_Excerpted records:_
%%

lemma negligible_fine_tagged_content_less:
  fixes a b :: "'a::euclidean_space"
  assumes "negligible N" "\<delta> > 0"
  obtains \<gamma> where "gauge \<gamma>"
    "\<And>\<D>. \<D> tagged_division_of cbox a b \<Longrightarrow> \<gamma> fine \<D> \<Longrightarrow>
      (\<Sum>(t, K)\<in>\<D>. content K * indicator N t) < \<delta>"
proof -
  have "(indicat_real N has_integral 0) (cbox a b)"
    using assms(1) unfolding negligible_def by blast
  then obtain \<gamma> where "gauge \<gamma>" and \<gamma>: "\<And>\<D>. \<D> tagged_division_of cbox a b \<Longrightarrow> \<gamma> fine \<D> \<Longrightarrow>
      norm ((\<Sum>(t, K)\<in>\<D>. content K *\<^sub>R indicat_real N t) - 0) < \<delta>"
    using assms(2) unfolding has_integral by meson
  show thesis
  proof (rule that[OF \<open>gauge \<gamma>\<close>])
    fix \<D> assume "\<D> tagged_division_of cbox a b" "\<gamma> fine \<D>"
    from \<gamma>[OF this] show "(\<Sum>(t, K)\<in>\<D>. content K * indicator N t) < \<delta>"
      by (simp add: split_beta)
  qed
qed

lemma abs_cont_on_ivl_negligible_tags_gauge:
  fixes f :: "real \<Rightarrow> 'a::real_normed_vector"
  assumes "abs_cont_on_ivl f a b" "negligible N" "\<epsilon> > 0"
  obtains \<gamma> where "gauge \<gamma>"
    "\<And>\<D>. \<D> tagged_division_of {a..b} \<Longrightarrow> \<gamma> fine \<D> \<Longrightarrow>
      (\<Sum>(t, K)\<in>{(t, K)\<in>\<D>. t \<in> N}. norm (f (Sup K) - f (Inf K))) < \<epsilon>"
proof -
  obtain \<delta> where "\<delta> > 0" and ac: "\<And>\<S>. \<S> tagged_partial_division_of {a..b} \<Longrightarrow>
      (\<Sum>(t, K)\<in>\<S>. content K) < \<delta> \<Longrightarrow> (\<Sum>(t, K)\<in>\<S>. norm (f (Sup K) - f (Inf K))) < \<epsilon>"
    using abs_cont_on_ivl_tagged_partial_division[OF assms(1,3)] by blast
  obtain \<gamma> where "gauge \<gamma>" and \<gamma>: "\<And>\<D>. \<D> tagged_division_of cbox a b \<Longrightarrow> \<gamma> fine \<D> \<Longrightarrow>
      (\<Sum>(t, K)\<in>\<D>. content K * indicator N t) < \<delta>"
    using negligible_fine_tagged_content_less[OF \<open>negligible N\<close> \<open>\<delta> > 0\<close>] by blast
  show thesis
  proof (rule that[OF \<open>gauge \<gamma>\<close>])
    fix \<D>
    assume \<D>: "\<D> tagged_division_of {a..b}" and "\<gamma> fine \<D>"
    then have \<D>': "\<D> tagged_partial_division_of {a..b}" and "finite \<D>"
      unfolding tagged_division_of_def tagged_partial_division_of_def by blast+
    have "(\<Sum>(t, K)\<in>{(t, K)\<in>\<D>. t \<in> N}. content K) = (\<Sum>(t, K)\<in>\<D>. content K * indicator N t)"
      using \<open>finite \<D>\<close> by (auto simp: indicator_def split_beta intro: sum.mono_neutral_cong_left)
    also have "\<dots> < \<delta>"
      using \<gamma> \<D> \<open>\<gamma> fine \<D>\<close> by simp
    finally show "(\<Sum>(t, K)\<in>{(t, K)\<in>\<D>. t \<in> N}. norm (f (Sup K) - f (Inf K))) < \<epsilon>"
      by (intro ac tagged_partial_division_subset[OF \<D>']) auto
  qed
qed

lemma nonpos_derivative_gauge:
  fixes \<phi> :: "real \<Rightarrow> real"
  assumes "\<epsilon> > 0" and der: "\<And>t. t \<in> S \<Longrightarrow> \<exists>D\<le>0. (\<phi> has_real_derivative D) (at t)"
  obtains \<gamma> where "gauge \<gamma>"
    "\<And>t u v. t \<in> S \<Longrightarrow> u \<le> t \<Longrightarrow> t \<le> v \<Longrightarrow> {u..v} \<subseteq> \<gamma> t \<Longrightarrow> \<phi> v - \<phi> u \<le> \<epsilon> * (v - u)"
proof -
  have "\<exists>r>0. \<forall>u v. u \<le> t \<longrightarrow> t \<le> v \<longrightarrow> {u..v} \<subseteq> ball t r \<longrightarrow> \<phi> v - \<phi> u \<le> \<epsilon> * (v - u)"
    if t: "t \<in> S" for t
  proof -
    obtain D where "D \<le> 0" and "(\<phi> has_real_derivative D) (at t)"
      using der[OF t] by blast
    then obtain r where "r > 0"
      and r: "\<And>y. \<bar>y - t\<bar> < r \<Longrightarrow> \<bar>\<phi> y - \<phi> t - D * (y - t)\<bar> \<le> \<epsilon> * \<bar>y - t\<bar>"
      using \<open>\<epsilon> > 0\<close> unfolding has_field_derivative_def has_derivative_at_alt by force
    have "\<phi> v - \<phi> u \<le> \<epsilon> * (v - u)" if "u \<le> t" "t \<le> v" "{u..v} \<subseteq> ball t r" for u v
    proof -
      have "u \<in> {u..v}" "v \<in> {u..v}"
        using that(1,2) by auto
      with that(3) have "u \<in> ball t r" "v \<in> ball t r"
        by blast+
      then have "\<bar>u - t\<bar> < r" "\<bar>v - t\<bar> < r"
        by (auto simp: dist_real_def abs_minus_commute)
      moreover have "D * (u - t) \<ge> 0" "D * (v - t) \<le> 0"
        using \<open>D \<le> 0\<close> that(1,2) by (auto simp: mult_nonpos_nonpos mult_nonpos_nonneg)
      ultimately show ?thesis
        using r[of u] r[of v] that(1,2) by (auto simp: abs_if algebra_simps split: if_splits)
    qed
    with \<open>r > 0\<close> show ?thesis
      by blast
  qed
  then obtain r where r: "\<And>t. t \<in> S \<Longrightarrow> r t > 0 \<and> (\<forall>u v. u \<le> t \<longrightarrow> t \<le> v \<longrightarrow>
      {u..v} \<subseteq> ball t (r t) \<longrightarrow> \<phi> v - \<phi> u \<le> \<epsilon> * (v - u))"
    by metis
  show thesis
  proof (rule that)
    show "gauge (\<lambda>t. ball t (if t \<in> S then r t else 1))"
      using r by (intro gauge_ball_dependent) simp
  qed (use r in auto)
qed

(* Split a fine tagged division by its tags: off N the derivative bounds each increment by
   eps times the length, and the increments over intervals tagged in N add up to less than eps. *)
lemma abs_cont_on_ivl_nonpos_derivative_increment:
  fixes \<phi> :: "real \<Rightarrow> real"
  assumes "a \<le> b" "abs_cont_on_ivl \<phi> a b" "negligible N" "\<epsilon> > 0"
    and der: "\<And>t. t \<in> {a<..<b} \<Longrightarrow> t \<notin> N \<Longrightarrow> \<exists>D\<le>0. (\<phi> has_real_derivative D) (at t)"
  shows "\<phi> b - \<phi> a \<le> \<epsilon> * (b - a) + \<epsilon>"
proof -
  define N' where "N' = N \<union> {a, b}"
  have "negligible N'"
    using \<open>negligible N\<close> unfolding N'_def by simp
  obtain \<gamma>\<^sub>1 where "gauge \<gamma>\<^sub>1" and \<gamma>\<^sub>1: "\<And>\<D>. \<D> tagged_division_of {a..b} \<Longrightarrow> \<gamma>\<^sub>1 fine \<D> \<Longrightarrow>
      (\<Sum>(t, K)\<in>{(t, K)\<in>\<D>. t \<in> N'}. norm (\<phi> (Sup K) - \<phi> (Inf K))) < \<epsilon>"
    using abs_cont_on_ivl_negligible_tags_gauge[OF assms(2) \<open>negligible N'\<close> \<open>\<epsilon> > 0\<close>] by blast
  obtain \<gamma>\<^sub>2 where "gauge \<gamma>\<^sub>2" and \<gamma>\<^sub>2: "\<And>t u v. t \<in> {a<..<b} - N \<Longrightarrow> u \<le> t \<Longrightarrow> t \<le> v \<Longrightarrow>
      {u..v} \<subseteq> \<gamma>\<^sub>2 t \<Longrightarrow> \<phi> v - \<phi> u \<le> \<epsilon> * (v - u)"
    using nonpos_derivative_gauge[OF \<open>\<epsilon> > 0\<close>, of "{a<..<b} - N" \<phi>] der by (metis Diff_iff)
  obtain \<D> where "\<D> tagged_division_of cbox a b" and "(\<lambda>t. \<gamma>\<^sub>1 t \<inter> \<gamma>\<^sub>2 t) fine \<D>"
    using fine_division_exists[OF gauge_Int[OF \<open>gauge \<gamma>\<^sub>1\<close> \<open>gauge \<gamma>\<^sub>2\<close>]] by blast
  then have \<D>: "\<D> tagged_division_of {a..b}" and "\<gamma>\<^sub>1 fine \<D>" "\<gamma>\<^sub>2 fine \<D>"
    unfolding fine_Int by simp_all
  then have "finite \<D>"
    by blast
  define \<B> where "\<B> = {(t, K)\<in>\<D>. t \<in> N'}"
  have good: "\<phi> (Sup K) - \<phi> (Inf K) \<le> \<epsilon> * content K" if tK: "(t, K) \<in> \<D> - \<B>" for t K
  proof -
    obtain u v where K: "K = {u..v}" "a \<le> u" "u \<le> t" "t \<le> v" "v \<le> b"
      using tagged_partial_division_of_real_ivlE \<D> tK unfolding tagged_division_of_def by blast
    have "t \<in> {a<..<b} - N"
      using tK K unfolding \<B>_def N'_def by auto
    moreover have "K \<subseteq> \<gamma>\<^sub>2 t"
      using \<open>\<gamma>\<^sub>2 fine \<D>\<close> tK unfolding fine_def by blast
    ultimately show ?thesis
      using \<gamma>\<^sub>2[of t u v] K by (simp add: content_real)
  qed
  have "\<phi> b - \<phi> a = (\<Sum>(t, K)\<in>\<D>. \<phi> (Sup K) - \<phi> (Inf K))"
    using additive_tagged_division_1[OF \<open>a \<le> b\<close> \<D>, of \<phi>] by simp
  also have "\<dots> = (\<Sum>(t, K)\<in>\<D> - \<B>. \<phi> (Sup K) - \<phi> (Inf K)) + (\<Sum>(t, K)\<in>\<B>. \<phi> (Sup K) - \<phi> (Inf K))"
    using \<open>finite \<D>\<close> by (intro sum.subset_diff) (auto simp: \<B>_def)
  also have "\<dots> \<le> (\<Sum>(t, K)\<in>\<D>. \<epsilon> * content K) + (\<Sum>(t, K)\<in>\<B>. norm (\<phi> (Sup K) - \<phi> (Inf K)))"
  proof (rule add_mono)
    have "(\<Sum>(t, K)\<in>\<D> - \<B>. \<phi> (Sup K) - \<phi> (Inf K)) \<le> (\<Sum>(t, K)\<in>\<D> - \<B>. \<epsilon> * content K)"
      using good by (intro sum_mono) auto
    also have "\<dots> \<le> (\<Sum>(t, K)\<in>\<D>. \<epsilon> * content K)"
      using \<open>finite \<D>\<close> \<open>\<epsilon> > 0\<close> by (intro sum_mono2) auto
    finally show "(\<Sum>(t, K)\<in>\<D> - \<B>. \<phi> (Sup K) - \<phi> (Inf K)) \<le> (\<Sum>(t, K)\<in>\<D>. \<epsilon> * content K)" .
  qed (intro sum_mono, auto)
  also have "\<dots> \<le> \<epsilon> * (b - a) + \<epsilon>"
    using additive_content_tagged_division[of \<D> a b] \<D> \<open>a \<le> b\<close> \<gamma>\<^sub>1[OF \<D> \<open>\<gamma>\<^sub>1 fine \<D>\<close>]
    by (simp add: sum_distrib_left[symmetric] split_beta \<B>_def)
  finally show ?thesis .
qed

%%
%%

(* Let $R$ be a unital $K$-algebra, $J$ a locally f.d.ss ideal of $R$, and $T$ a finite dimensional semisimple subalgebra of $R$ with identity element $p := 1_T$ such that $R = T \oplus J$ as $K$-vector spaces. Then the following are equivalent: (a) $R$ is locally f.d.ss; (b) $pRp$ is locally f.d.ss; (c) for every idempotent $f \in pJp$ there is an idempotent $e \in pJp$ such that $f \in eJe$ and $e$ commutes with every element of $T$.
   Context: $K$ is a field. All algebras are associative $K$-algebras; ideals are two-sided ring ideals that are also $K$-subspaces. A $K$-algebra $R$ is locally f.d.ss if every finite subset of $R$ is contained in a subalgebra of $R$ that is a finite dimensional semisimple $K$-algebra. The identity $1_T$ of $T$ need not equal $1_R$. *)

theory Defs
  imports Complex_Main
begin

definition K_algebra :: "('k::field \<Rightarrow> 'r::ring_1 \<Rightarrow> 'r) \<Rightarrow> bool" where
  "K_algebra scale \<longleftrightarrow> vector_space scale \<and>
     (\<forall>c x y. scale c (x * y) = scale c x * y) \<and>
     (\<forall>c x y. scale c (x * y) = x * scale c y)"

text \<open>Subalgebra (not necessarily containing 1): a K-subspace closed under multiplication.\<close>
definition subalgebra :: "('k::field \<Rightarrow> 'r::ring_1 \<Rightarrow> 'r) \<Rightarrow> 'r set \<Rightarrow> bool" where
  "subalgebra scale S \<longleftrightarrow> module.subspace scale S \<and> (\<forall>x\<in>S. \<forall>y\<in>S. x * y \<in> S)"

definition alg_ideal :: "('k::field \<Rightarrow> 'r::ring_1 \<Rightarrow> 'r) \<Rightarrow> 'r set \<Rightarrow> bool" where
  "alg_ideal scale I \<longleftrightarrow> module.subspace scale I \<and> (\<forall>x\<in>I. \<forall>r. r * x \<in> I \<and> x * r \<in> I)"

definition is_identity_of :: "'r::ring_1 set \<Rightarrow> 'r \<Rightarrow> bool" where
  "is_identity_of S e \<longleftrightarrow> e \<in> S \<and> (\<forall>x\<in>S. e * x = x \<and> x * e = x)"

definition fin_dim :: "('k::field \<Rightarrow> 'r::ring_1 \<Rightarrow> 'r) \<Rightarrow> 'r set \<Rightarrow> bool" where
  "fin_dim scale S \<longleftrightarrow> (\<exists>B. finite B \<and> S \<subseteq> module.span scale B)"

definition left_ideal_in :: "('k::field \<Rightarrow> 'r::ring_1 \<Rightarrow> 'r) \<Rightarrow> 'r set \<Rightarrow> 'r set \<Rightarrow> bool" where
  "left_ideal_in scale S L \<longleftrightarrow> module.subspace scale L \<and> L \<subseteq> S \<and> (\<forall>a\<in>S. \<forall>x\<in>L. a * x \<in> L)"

%%

_About this task:_
The lines sought are those in the data above that include the string "assms"; copy each one.

_Your response:_
    using assms(1) unfolding negligible_def by blast
    using assms(2) unfolding has_integral by meson
    using abs_cont_on_ivl_tagged_partial_division[OF assms(1,3)] by blast
    using abs_cont_on_ivl_negligible_tags_gauge[OF assms(2) \<open>negligible N'\<close> \<open>\<epsilon> > 0\<close>] by blast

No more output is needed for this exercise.